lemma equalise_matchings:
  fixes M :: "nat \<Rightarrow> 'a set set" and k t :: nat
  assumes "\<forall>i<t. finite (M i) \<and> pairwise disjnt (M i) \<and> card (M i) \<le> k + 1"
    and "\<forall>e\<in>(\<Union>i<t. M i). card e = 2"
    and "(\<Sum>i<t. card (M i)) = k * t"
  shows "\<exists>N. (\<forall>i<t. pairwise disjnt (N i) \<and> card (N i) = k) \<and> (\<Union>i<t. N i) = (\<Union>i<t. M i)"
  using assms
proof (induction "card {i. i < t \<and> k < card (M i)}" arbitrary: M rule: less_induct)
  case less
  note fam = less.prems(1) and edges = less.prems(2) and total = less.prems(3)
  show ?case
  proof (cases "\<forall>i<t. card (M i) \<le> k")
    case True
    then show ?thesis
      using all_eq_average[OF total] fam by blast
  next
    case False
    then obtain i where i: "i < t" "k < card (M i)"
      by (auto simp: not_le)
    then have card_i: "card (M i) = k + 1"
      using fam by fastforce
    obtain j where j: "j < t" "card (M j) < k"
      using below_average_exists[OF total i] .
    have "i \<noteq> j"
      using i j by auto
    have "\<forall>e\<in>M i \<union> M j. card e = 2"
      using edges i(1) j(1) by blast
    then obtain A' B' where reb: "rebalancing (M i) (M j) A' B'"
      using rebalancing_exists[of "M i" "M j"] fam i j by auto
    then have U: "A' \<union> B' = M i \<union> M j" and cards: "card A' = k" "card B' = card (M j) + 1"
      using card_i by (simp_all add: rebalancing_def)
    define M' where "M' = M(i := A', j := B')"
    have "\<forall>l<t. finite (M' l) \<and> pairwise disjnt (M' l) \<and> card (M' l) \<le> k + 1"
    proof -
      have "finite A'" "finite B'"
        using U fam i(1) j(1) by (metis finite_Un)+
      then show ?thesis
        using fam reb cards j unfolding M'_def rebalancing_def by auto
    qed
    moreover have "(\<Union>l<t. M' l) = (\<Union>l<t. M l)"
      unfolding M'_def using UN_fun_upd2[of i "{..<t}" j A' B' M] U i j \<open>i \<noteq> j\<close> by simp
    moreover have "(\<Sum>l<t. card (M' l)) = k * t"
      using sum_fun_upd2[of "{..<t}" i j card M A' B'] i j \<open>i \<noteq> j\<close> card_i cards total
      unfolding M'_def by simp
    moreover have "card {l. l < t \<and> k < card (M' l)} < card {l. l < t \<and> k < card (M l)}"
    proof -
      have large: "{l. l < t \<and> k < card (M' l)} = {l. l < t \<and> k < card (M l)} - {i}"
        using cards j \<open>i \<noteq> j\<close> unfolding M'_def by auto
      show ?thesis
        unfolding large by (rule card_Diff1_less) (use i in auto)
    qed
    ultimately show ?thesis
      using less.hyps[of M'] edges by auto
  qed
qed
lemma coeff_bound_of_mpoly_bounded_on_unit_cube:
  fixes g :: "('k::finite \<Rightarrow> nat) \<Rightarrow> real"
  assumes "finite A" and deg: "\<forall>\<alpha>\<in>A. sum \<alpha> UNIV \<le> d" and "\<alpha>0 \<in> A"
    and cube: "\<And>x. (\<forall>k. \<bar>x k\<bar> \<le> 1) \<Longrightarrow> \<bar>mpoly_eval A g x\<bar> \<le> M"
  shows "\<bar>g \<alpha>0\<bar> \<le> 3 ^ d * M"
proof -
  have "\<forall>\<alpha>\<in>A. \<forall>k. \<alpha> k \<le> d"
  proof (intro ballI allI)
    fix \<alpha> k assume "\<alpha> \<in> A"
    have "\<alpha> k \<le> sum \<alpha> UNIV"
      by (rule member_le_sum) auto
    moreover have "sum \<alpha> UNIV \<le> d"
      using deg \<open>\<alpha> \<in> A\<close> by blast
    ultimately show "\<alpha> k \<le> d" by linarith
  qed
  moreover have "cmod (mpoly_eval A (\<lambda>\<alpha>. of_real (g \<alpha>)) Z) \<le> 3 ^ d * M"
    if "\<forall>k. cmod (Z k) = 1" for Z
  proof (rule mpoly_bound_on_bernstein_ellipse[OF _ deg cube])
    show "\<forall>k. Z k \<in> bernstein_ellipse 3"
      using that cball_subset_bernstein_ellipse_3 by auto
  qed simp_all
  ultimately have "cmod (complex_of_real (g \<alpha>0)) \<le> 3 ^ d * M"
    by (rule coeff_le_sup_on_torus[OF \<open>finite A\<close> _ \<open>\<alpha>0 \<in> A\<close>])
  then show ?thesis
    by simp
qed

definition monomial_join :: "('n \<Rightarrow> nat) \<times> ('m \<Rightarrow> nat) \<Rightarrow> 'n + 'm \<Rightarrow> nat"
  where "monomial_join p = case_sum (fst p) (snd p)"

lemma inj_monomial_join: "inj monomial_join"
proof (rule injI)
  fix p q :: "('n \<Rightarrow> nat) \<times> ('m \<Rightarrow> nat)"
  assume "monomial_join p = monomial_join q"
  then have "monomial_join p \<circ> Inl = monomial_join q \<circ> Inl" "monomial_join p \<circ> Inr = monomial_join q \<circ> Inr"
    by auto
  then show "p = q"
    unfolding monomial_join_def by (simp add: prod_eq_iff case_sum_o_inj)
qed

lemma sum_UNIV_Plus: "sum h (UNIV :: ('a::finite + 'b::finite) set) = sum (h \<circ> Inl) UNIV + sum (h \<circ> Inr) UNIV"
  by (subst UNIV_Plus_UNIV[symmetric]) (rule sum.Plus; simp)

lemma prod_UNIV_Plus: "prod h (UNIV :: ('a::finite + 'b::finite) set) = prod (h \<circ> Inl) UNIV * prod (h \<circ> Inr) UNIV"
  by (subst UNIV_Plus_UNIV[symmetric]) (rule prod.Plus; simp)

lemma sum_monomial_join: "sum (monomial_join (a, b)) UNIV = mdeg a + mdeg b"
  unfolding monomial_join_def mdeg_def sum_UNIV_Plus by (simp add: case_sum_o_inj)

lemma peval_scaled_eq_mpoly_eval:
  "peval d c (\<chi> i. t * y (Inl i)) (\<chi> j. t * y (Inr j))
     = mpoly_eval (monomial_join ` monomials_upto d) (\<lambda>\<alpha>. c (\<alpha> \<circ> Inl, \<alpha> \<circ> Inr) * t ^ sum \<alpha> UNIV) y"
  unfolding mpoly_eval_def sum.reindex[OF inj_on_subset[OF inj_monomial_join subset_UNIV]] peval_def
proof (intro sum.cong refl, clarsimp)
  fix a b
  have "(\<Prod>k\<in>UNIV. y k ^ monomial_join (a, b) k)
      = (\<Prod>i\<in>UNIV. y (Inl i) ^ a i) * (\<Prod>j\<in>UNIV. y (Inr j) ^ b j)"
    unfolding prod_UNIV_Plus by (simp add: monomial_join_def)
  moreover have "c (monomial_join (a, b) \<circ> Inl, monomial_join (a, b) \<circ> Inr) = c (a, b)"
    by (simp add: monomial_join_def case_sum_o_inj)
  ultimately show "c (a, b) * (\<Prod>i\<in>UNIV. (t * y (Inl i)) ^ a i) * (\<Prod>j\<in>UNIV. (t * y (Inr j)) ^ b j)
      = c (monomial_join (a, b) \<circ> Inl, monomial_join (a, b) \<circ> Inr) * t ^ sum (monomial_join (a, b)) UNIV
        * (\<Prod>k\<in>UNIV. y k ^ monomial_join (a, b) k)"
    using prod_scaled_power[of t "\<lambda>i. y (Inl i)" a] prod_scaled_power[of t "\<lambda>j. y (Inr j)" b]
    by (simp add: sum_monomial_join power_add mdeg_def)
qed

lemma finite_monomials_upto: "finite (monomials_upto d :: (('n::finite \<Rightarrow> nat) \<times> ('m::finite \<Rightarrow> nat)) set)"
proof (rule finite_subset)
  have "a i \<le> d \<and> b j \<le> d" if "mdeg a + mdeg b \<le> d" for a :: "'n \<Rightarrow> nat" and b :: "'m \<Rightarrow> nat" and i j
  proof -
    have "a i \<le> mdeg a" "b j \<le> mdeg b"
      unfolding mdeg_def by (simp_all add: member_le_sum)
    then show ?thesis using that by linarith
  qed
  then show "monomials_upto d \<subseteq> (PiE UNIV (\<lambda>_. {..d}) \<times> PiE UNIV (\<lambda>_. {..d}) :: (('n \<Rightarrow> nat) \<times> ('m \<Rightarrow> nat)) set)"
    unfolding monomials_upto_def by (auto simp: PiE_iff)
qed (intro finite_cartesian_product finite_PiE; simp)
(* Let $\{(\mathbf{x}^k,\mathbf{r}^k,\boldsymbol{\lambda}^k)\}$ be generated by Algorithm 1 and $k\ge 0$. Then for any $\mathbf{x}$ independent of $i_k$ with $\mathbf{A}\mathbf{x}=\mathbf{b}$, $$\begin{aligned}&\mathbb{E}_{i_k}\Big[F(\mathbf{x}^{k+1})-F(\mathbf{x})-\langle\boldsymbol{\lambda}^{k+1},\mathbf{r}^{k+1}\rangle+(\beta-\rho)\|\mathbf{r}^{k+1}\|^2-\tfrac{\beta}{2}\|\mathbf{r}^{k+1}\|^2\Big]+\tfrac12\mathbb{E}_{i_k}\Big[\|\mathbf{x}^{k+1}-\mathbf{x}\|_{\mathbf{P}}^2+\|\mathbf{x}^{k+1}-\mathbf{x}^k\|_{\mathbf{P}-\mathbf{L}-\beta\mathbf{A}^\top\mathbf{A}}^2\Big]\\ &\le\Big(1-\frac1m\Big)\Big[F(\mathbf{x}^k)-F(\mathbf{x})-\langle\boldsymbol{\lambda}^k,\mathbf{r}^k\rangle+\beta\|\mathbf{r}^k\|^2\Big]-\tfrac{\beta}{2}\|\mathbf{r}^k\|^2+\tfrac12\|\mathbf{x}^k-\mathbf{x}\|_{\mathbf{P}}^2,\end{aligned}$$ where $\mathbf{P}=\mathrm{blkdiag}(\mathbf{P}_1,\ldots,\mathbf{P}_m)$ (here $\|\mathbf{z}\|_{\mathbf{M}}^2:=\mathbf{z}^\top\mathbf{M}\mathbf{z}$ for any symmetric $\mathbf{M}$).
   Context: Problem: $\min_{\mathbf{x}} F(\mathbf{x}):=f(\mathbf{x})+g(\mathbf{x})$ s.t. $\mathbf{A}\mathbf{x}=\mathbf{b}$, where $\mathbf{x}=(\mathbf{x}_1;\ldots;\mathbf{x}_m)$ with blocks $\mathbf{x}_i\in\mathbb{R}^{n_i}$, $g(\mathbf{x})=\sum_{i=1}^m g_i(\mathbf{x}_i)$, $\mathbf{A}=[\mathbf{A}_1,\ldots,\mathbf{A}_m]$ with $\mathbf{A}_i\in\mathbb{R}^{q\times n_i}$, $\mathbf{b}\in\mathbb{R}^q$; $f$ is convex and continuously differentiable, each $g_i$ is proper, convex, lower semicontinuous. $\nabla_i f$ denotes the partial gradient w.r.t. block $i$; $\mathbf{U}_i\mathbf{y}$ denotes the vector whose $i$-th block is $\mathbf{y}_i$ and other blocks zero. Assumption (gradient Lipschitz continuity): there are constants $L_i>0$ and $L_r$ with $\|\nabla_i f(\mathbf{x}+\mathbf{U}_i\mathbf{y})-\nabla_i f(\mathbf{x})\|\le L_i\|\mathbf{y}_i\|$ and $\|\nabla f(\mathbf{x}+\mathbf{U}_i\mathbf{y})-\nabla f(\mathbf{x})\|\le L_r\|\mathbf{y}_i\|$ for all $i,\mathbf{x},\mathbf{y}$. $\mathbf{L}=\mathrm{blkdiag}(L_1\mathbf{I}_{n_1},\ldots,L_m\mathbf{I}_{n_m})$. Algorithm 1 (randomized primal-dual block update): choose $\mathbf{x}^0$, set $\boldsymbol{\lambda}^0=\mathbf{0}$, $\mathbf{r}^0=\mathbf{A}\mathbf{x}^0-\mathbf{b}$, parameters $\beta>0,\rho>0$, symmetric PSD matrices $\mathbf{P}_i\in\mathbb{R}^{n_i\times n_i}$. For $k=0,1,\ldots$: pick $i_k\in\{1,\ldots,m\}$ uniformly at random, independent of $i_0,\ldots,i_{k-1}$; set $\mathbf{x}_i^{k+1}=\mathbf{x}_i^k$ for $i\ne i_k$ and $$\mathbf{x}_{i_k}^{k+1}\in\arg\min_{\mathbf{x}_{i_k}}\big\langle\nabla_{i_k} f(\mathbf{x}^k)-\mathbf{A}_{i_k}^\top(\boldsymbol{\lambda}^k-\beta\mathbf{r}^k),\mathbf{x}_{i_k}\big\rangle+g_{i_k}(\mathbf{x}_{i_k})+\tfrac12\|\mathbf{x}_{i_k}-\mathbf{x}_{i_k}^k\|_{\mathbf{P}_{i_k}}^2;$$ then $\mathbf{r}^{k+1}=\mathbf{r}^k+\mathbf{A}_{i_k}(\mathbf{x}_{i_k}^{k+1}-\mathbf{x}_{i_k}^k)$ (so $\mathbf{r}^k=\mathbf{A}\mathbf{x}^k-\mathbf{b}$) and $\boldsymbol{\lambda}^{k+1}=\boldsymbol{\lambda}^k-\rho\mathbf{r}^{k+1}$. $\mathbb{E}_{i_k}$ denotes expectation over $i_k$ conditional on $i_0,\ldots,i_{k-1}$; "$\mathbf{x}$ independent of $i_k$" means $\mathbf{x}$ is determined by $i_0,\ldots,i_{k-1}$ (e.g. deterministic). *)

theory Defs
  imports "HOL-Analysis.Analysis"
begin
▬▬▬
Copy word for word the stretch of entries above from the line that has "ultimately show ?thesis" through the line that has "Inl) UNIV +", both ends included, and nothing outside it.

    ultimately show ?thesis
      using less.hyps[of M'] edges by auto
  qed
qed
lemma coeff_bound_of_mpoly_bounded_on_unit_cube:
  fixes g :: "('k::finite \<Rightarrow> nat) \<Rightarrow> real"
  assumes "finite A" and deg: "\<forall>\<alpha>\<in>A. sum \<alpha> UNIV \<le> d" and "\<alpha>0 \<in> A"
    and cube: "\<And>x. (\<forall>k. \<bar>x k\<bar> \<le> 1) \<Longrightarrow> \<bar>mpoly_eval A g x\<bar> \<le> M"
  shows "\<bar>g \<alpha>0\<bar> \<le> 3 ^ d * M"
proof -
  have "\<forall>\<alpha>\<in>A. \<forall>k. \<alpha> k \<le> d"
  proof (intro ballI allI)
    fix \<alpha> k assume "\<alpha> \<in> A"
    have "\<alpha> k \<le> sum \<alpha> UNIV"
      by (rule member_le_sum) auto
    moreover have "sum \<alpha> UNIV \<le> d"
      using deg \<open>\<alpha> \<in> A\<close> by blast
    ultimately show "\<alpha> k \<le> d" by linarith
  qed
  moreover have "cmod (mpoly_eval A (\<lambda>\<alpha>. of_real (g \<alpha>)) Z) \<le> 3 ^ d * M"
    if "\<forall>k. cmod (Z k) = 1" for Z
  proof (rule mpoly_bound_on_bernstein_ellipse[OF _ deg cube])
    show "\<forall>k. Z k \<in> bernstein_ellipse 3"
      using that cball_subset_bernstein_ellipse_3 by auto
  qed simp_all
  ultimately have "cmod (complex_of_real (g \<alpha>0)) \<le> 3 ^ d * M"
    by (rule coeff_le_sup_on_torus[OF \<open>finite A\<close> _ \<open>\<alpha>0 \<in> A\<close>])
  then show ?thesis
    by simp
qed

definition monomial_join :: "('n \<Rightarrow> nat) \<times> ('m \<Rightarrow> nat) \<Rightarrow> 'n + 'm \<Rightarrow> nat"
  where "monomial_join p = case_sum (fst p) (snd p)"

lemma inj_monomial_join: "inj monomial_join"
proof (rule injI)
  fix p q :: "('n \<Rightarrow> nat) \<times> ('m \<Rightarrow> nat)"
  assume "monomial_join p = monomial_join q"
  then have "monomial_join p \<circ> Inl = monomial_join q \<circ> Inl" "monomial_join p \<circ> Inr = monomial_join q \<circ> Inr"
    by auto
  then show "p = q"
    unfolding monomial_join_def by (simp add: prod_eq_iff case_sum_o_inj)
qed

lemma sum_UNIV_Plus: "sum h (UNIV :: ('a::finite + 'b::finite) set) = sum (h \<circ> Inl) UNIV + sum (h \<circ> Inr) UNIV"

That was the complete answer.